Work request →
Return the data below exactly, but only from the line containing "l] = shannon" through the line containing "using assms(1) cube_4_iff by blast", with both of those lines included.

Collected data entries
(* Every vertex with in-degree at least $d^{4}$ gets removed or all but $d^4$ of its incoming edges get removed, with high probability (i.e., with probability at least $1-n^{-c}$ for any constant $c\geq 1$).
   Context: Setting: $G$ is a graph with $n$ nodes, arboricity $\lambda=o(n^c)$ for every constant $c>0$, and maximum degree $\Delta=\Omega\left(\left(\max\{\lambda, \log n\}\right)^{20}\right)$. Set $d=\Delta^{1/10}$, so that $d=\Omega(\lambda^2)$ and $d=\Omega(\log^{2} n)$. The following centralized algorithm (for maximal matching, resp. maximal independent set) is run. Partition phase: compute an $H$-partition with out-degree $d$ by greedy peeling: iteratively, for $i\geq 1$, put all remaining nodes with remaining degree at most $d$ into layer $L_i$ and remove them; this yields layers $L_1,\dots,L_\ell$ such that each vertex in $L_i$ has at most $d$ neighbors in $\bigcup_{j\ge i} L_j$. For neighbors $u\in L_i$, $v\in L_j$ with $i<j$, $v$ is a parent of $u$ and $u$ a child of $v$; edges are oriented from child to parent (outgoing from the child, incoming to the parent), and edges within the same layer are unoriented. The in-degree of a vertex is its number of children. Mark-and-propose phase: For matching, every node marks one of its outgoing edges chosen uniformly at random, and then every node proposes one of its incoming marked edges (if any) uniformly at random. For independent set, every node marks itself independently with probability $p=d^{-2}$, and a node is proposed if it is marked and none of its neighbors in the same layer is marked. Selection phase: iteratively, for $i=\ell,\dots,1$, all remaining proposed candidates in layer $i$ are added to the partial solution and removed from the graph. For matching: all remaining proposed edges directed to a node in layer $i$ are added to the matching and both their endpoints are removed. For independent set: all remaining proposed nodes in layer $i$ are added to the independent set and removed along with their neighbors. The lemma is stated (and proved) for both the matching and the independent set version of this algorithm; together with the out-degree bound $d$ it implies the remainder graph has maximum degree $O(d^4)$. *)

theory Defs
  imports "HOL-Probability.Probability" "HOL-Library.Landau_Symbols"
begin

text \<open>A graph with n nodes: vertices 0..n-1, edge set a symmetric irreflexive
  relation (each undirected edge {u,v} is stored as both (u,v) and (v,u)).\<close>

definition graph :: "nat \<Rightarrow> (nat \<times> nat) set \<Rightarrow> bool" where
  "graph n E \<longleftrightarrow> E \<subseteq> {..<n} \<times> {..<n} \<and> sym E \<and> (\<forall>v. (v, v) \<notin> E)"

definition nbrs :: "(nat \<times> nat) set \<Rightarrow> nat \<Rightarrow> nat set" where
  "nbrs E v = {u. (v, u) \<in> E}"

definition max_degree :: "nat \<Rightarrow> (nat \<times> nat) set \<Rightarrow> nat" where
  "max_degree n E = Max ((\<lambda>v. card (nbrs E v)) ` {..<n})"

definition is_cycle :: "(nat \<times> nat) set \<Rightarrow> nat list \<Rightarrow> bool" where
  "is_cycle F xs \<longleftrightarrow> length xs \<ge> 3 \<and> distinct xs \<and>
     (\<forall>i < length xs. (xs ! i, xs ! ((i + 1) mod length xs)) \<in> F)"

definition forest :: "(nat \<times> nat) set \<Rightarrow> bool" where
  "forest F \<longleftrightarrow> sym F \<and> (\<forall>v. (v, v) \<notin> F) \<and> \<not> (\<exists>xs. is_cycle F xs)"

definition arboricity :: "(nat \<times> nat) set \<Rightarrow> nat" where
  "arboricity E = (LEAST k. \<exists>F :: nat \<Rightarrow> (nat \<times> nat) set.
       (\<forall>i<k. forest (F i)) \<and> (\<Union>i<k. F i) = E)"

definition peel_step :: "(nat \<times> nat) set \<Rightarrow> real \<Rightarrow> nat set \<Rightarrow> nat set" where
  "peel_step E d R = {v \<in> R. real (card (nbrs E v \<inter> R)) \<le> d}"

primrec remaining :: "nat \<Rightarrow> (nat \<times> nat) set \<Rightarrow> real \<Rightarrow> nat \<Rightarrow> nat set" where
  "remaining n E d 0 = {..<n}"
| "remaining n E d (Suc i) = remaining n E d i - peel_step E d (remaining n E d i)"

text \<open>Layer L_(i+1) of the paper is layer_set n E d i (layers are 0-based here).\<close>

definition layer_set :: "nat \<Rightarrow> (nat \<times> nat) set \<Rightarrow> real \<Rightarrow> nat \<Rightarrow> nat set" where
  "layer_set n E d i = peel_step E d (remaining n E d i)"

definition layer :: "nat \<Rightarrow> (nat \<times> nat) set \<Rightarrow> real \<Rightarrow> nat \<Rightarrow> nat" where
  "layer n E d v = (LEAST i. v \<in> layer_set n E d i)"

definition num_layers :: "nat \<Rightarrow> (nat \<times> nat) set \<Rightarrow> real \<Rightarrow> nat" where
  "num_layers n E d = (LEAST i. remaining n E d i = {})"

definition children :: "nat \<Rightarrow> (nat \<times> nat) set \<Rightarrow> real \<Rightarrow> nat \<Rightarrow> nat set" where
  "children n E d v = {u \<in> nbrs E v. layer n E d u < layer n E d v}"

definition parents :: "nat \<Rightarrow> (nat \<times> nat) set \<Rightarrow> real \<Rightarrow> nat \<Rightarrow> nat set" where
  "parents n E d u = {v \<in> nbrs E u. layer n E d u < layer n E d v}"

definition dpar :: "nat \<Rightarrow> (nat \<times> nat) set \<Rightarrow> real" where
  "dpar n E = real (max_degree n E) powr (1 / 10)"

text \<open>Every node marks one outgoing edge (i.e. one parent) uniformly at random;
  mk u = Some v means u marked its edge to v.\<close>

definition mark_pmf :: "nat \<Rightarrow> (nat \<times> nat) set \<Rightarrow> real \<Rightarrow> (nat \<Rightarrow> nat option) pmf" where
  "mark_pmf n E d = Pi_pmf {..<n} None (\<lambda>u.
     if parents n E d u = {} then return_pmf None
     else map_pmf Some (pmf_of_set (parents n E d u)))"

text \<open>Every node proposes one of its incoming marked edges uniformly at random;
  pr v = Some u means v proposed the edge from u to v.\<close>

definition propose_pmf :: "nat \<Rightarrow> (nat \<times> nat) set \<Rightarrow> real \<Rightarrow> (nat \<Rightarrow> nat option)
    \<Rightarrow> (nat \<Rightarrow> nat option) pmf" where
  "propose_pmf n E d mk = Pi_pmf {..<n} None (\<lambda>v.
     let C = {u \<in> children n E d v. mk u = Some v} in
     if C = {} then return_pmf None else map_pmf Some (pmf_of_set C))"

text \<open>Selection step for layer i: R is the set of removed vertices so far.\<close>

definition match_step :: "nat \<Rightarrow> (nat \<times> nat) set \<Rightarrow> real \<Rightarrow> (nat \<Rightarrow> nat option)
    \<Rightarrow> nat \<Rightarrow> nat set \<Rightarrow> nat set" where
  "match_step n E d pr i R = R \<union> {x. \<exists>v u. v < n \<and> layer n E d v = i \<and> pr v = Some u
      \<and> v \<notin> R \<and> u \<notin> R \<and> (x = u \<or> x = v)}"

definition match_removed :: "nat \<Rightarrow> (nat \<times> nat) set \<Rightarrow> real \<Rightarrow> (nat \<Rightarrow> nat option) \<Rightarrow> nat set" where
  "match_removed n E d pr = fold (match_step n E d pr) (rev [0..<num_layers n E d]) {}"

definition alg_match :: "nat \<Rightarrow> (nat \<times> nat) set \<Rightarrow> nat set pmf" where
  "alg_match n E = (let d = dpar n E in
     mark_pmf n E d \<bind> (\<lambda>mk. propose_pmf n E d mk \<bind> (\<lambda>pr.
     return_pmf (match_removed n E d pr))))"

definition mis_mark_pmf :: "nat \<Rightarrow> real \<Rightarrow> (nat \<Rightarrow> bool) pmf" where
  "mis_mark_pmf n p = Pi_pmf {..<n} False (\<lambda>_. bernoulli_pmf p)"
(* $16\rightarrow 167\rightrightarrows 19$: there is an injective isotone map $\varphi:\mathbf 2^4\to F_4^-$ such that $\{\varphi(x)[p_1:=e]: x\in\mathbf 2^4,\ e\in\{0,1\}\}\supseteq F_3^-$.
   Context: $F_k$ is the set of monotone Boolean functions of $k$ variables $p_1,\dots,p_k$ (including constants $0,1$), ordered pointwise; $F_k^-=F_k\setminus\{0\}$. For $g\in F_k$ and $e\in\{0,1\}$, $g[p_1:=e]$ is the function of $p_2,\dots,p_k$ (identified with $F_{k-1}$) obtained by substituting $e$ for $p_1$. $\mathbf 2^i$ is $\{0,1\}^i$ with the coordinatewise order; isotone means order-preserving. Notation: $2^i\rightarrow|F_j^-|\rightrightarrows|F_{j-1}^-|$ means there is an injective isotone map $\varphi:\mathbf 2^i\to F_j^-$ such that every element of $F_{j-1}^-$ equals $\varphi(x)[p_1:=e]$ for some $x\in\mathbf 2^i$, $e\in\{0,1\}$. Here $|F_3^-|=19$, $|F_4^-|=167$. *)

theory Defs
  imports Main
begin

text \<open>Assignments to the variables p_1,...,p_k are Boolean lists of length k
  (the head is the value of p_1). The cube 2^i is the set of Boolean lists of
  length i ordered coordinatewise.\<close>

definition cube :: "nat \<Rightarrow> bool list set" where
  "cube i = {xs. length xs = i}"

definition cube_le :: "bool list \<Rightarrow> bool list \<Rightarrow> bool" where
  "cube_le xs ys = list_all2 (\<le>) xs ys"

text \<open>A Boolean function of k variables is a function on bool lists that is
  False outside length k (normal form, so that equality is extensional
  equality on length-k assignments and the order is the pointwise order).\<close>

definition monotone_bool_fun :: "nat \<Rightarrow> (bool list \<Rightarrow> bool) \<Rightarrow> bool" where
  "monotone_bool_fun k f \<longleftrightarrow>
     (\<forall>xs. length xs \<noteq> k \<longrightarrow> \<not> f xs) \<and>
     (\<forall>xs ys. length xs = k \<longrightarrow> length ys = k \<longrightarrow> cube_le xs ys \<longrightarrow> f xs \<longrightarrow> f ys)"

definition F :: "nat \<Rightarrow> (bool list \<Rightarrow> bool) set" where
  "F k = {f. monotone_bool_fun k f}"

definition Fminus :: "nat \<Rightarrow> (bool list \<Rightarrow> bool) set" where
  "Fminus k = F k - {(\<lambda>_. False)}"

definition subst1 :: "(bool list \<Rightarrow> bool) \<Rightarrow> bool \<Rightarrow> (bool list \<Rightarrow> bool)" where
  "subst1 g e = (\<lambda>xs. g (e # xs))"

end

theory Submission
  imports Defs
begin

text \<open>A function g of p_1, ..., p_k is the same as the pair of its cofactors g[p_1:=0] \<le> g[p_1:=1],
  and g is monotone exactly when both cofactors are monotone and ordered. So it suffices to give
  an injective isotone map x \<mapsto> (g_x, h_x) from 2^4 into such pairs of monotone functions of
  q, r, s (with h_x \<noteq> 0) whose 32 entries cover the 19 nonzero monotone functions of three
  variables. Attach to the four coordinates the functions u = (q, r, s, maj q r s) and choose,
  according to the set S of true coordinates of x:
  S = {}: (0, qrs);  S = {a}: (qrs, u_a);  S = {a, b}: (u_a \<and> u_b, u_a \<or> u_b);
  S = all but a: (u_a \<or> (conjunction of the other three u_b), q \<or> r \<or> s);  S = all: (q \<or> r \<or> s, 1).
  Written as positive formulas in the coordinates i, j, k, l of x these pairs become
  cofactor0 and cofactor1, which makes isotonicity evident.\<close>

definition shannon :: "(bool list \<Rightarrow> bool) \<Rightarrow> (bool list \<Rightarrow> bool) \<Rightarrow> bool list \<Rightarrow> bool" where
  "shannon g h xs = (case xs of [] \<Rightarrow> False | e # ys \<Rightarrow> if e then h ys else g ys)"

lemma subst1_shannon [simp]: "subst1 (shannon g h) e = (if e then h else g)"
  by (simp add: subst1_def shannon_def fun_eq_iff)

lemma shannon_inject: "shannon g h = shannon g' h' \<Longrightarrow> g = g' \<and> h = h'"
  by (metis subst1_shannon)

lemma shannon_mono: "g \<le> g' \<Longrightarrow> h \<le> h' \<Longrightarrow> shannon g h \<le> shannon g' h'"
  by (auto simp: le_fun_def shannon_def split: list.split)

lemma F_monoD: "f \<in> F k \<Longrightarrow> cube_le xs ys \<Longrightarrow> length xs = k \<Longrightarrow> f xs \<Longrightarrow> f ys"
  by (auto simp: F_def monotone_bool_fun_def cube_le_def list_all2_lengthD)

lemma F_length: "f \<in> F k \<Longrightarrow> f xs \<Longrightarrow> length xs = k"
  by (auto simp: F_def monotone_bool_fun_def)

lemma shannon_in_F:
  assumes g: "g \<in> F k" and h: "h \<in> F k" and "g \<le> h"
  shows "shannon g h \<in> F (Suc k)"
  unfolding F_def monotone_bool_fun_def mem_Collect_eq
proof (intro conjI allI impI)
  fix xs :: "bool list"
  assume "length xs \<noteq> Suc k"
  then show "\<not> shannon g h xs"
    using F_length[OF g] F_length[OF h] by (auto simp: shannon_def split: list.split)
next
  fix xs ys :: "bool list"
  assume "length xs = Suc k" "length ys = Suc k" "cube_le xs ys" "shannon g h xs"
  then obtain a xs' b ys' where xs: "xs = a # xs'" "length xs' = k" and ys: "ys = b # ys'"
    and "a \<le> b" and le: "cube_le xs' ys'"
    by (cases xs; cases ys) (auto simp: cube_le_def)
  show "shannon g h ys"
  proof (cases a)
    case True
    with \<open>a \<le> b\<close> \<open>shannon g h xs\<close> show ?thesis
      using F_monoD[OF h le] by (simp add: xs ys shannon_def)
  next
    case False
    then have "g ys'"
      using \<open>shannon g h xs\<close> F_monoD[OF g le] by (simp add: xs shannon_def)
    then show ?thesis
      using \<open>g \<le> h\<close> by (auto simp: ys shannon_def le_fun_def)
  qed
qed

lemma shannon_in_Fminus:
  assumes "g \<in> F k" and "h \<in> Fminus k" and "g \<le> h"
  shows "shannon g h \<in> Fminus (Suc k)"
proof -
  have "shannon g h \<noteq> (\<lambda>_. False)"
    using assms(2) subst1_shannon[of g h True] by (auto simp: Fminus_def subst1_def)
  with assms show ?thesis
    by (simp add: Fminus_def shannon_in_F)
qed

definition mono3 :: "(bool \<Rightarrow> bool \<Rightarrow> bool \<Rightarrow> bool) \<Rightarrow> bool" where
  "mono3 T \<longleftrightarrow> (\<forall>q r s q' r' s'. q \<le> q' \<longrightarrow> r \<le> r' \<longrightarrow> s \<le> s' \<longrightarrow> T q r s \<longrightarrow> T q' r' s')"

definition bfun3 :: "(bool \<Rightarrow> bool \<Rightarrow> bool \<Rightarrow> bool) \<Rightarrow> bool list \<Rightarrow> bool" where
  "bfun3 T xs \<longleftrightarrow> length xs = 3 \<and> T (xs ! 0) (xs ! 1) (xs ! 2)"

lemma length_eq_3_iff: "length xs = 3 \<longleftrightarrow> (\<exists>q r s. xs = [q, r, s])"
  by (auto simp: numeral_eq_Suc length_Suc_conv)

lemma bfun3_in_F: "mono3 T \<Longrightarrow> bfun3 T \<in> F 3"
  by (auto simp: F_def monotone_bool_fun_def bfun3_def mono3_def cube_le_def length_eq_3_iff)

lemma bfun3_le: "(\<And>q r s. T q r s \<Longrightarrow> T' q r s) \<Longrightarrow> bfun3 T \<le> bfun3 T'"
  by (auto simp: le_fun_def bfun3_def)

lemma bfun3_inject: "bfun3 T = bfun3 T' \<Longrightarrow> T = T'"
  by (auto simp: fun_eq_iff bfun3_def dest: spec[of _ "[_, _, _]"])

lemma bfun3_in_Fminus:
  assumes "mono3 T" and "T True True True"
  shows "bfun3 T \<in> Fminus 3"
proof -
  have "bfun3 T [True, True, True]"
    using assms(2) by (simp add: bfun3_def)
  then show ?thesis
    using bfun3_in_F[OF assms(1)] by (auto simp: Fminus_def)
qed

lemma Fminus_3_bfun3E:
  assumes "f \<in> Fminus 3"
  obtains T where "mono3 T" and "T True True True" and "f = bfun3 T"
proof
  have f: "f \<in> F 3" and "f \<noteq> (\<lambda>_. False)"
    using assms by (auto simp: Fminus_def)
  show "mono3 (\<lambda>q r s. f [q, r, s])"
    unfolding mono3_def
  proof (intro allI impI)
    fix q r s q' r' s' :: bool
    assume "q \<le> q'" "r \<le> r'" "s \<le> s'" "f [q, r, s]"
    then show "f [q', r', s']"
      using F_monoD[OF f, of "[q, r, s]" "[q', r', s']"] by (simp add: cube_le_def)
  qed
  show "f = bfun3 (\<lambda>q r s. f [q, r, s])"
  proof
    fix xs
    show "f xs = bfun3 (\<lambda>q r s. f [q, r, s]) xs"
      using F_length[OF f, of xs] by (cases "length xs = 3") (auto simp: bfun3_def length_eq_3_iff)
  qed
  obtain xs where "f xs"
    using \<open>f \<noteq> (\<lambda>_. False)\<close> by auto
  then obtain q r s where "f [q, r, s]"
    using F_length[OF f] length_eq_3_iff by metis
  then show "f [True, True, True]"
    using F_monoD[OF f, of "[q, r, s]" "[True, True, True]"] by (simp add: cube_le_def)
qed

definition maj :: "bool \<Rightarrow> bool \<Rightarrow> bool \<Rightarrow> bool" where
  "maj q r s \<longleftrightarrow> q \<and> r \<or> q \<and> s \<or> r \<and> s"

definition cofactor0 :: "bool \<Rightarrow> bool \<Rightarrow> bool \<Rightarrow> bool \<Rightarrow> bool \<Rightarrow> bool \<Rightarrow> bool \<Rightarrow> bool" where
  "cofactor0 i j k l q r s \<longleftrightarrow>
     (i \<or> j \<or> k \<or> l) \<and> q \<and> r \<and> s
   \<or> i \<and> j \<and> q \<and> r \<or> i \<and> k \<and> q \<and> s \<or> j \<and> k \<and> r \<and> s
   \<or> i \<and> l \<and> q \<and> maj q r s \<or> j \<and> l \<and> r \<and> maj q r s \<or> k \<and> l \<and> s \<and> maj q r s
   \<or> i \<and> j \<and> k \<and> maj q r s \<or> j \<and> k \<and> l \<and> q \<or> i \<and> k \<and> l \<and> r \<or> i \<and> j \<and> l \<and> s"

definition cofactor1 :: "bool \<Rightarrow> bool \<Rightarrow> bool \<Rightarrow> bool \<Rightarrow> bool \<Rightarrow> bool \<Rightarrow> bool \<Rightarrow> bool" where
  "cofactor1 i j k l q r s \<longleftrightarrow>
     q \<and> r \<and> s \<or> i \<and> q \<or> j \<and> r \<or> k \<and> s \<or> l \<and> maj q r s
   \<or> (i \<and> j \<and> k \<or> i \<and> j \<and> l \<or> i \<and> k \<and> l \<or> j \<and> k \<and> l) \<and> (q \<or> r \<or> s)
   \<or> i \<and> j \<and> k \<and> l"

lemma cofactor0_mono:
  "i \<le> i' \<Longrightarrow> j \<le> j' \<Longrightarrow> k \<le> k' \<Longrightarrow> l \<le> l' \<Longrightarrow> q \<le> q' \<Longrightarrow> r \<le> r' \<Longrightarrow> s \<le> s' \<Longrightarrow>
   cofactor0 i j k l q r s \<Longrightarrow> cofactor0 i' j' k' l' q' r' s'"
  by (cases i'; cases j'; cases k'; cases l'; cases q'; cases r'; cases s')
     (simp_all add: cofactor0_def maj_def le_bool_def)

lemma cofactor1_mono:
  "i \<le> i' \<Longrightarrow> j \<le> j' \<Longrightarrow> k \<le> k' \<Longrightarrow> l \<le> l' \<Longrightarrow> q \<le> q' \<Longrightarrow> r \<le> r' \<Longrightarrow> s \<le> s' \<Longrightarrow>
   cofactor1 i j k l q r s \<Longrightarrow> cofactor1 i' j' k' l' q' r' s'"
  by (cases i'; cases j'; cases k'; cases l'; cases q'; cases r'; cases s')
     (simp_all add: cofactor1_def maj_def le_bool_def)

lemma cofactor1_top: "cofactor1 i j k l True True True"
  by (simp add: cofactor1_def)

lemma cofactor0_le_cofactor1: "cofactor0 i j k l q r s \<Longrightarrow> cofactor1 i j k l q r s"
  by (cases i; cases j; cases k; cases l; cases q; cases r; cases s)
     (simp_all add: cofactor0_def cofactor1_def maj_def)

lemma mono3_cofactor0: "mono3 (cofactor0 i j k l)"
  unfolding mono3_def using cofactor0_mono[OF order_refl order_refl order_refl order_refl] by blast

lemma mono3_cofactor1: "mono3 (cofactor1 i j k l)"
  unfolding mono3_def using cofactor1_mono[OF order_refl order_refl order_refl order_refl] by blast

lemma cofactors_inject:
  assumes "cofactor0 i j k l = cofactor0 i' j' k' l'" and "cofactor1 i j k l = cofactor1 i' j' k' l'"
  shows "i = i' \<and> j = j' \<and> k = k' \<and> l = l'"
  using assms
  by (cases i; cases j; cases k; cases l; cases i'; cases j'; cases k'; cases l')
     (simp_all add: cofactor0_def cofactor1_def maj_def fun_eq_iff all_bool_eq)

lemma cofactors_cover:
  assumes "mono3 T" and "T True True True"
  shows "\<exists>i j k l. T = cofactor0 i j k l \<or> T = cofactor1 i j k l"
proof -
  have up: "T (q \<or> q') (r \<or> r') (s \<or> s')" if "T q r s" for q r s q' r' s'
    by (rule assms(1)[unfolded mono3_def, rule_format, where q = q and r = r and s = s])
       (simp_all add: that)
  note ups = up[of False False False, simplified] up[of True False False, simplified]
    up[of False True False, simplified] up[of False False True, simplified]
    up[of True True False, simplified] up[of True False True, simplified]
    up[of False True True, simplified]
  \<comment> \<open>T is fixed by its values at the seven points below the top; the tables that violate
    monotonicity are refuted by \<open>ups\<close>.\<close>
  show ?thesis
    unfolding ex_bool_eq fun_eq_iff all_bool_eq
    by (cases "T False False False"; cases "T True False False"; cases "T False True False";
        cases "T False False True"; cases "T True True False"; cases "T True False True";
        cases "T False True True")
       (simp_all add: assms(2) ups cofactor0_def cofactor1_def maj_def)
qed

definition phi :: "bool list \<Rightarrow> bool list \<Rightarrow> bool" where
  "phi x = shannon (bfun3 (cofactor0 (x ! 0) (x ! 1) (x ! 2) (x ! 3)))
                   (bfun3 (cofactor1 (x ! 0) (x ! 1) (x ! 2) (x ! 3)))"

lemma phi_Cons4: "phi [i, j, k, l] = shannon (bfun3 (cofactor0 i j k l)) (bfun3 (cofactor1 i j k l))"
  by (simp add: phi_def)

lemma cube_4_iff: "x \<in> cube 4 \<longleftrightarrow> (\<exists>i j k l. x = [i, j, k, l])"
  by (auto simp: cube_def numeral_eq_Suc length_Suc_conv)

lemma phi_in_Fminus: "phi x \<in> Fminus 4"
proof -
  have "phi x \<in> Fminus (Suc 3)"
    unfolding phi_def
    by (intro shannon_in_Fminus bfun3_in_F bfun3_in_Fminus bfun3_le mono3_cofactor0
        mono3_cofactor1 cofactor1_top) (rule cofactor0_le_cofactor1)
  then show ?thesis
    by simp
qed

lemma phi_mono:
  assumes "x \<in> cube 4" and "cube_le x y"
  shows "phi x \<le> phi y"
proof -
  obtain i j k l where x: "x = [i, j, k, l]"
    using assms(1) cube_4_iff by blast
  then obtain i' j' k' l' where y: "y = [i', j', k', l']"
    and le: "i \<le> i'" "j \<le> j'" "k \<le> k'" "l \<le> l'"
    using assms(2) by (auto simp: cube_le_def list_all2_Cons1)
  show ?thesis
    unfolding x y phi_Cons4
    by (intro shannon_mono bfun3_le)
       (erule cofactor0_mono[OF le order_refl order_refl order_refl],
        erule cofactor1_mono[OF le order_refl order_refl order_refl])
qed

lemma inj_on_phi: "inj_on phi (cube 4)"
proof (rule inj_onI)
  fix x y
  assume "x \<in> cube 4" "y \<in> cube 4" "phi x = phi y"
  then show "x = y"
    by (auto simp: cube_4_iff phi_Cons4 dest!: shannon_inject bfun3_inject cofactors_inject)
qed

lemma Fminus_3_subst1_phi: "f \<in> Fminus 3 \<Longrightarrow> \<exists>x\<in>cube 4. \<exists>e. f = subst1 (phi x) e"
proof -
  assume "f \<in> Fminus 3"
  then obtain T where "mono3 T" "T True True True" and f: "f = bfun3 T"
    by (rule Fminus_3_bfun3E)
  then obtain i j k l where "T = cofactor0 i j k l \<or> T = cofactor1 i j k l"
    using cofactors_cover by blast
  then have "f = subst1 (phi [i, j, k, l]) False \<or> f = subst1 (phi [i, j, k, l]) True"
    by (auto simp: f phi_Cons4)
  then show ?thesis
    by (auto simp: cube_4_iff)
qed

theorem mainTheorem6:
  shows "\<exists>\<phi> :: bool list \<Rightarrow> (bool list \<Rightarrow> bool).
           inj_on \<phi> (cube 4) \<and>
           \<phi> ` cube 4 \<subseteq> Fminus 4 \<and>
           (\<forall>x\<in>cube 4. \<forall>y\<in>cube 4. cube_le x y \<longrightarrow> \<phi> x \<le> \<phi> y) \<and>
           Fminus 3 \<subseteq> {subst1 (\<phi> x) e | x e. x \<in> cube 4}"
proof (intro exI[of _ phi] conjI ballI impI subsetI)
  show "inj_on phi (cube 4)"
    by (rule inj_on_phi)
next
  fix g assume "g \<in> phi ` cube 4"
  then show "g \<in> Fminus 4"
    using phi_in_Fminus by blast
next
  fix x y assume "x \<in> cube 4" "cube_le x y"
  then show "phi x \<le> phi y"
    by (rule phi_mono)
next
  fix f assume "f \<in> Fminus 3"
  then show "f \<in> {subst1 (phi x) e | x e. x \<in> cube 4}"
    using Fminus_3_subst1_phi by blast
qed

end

Answer to the exercise →
lemma phi_Cons4: "phi [i, j, k, l] = shannon (bfun3 (cofactor0 i j k l)) (bfun3 (cofactor1 i j k l))"
  by (simp add: phi_def)

lemma cube_4_iff: "x \<in> cube 4 \<longleftrightarrow> (\<exists>i j k l. x = [i, j, k, l])"
  by (auto simp: cube_def numeral_eq_Suc length_Suc_conv)

lemma phi_in_Fminus: "phi x \<in> Fminus 4"
proof -
  have "phi x \<in> Fminus (Suc 3)"
    unfolding phi_def
    by (intro shannon_in_Fminus bfun3_in_F bfun3_in_Fminus bfun3_le mono3_cofactor0
        mono3_cofactor1 cofactor1_top) (rule cofactor0_le_cofactor1)
  then show ?thesis
    by simp
qed

lemma phi_mono:
  assumes "x \<in> cube 4" and "cube_le x y"
  shows "phi x \<le> phi y"
proof -
  obtain i j k l where x: "x = [i, j, k, l]"
    using assms(1) cube_4_iff by blast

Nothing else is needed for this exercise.